### WHAT THIS TASK INVOLVES
Present the data once more in exactly its original form.

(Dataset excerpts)
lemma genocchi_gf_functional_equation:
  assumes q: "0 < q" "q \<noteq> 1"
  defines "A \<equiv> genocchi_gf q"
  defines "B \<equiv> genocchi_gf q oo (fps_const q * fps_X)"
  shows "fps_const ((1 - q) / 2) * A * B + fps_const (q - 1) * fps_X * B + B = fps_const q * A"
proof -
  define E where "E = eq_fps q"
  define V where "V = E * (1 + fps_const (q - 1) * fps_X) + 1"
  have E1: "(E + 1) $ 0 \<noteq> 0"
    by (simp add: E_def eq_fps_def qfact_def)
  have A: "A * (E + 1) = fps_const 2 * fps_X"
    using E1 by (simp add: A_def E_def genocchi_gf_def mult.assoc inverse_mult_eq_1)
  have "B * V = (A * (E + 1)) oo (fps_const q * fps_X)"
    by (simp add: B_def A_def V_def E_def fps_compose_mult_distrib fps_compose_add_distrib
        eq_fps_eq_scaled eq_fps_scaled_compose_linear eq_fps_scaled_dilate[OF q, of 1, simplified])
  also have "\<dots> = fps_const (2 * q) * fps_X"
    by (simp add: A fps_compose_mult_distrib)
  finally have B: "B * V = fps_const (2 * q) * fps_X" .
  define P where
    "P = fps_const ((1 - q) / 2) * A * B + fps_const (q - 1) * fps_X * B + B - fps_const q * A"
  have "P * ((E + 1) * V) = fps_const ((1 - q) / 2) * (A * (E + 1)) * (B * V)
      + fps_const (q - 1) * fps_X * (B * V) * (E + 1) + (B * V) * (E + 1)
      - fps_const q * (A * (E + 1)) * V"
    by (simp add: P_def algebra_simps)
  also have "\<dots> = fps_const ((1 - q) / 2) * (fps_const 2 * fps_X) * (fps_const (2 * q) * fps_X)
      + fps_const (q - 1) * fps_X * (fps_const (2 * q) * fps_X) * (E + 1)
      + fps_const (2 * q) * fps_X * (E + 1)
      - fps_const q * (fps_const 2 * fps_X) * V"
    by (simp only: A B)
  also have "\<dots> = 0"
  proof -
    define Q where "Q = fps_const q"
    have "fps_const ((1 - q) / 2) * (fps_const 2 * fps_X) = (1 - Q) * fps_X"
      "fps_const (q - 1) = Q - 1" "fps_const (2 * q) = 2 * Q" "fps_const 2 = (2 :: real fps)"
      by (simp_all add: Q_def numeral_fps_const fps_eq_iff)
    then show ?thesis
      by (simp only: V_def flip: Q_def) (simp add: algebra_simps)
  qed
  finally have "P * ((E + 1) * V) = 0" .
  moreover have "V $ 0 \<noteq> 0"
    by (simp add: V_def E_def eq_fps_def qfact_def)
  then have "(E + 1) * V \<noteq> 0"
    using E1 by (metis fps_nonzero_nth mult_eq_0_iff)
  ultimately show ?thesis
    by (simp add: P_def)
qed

### RESULT FOR THIS EXERCISE
lemma genocchi_gf_functional_equation:
  assumes q: "0 < q" "q \<noteq> 1"
  defines "A \<equiv> genocchi_gf q"
  defines "B \<equiv> genocchi_gf q oo (fps_const q * fps_X)"
  shows "fps_const ((1 - q) / 2) * A * B + fps_const (q - 1) * fps_X * B + B = fps_const q * A"
proof -
  define E where "E = eq_fps q"
  define V where "V = E * (1 + fps_const (q - 1) * fps_X) + 1"
  have E1: "(E + 1) $ 0 \<noteq> 0"
    by (simp add: E_def eq_fps_def qfact_def)
  have A: "A * (E + 1) = fps_const 2 * fps_X"
    using E1 by (simp add: A_def E_def genocchi_gf_def mult.assoc inverse_mult_eq_1)
  have "B * V = (A * (E + 1)) oo (fps_const q * fps_X)"
    by (simp add: B_def A_def V_def E_def fps_compose_mult_distrib fps_compose_add_distrib
        eq_fps_eq_scaled eq_fps_scaled_compose_linear eq_fps_scaled_dilate[OF q, of 1, simplified])
  also have "\<dots> = fps_const (2 * q) * fps_X"
    by (simp add: A fps_compose_mult_distrib)
  finally have B: "B * V = fps_const (2 * q) * fps_X" .
  define P where
    "P = fps_const ((1 - q) / 2) * A * B + fps_const (q - 1) * fps_X * B + B - fps_const q * A"
  have "P * ((E + 1) * V) = fps_const ((1 - q) / 2) * (A * (E + 1)) * (B * V)
      + fps_const (q - 1) * fps_X * (B * V) * (E + 1) + (B * V) * (E + 1)
      - fps_const q * (A * (E + 1)) * V"
    by (simp add: P_def algebra_simps)
  also have "\<dots> = fps_const ((1 - q) / 2) * (fps_const 2 * fps_X) * (fps_const (2 * q) * fps_X)
      + fps_const (q - 1) * fps_X * (fps_const (2 * q) * fps_X) * (E + 1)
      + fps_const (2 * q) * fps_X * (E + 1)
      - fps_const q * (fps_const 2 * fps_X) * V"
    by (simp only: A B)
  also have "\<dots> = 0"
  proof -
    define Q where "Q = fps_const q"
    have "fps_const ((1 - q) / 2) * (fps_const 2 * fps_X) = (1 - Q) * fps_X"
      "fps_const (q - 1) = Q - 1" "fps_const (2 * q) = 2 * Q" "fps_const 2 = (2 :: real fps)"
      by (simp_all add: Q_def numeral_fps_const fps_eq_iff)
    then show ?thesis
      by (simp only: V_def flip: Q_def) (simp add: algebra_simps)
  qed
  finally have "P * ((E + 1) * V) = 0" .
  moreover have "V $ 0 \<noteq> 0"
    by (simp add: V_def E_def eq_fps_def qfact_def)
  then have "(E + 1) * V \<noteq> 0"
    using E1 by (metis fps_nonzero_nth mult_eq_0_iff)
  ultimately show ?thesis
    by (simp add: P_def)
qed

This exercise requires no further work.